START Data for processing
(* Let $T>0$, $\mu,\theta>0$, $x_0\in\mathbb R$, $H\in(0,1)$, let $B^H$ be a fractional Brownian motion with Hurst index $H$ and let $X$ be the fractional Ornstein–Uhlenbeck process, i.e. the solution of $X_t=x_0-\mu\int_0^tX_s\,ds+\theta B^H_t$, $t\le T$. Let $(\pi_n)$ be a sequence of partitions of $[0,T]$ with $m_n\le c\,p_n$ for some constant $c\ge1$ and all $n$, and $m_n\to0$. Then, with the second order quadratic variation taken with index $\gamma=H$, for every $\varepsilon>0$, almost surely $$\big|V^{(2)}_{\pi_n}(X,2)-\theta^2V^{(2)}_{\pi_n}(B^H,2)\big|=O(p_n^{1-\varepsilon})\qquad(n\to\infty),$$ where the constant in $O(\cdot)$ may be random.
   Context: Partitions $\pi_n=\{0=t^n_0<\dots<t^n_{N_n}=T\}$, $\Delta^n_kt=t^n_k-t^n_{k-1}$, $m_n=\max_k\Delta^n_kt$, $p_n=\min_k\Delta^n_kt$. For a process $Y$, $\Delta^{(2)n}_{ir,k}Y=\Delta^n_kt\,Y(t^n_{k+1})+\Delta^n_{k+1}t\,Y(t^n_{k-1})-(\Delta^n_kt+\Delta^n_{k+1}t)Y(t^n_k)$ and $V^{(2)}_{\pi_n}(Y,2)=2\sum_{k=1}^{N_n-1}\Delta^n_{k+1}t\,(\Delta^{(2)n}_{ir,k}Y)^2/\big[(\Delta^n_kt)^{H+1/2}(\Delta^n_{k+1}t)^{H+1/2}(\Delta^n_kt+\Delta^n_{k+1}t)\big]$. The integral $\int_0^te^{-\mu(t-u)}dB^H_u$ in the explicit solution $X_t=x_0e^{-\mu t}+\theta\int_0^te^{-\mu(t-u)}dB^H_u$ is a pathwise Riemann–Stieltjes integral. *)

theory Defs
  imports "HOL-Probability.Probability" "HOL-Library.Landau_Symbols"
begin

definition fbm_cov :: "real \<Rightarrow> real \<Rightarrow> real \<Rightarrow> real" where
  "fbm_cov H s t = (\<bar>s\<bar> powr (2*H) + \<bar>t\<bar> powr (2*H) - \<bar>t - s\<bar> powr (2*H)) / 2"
END Data for processing
Nothing should be changed: write out all of the data as is.

◆ Answer for the task:
(* Let $T>0$, $\mu,\theta>0$, $x_0\in\mathbb R$, $H\in(0,1)$, let $B^H$ be a fractional Brownian motion with Hurst index $H$ and let $X$ be the fractional Ornstein–Uhlenbeck process, i.e. the solution of $X_t=x_0-\mu\int_0^tX_s\,ds+\theta B^H_t$, $t\le T$. Let $(\pi_n)$ be a sequence of partitions of $[0,T]$ with $m_n\le c\,p_n$ for some constant $c\ge1$ and all $n$, and $m_n\to0$. Then, with the second order quadratic variation taken with index $\gamma=H$, for every $\varepsilon>0$, almost surely $$\big|V^{(2)}_{\pi_n}(X,2)-\theta^2V^{(2)}_{\pi_n}(B^H,2)\big|=O(p_n^{1-\varepsilon})\qquad(n\to\infty),$$ where the constant in $O(\cdot)$ may be random.
   Context: Partitions $\pi_n=\{0=t^n_0<\dots<t^n_{N_n}=T\}$, $\Delta^n_kt=t^n_k-t^n_{k-1}$, $m_n=\max_k\Delta^n_kt$, $p_n=\min_k\Delta^n_kt$. For a process $Y$, $\Delta^{(2)n}_{ir,k}Y=\Delta^n_kt\,Y(t^n_{k+1})+\Delta^n_{k+1}t\,Y(t^n_{k-1})-(\Delta^n_kt+\Delta^n_{k+1}t)Y(t^n_k)$ and $V^{(2)}_{\pi_n}(Y,2)=2\sum_{k=1}^{N_n-1}\Delta^n_{k+1}t\,(\Delta^{(2)n}_{ir,k}Y)^2/\big[(\Delta^n_kt)^{H+1/2}(\Delta^n_{k+1}t)^{H+1/2}(\Delta^n_kt+\Delta^n_{k+1}t)\big]$. The integral $\int_0^te^{-\mu(t-u)}dB^H_u$ in the explicit solution $X_t=x_0e^{-\mu t}+\theta\int_0^te^{-\mu(t-u)}dB^H_u$ is a pathwise Riemann–Stieltjes integral. *)

theory Defs
  imports "HOL-Probability.Probability" "HOL-Library.Landau_Symbols"
begin

definition fbm_cov :: "real \<Rightarrow> real \<Rightarrow> real \<Rightarrow> real" where
  "fbm_cov H s t = (\<bar>s\<bar> powr (2*H) + \<bar>t\<bar> powr (2*H) - \<bar>t - s\<bar> powr (2*H)) / 2"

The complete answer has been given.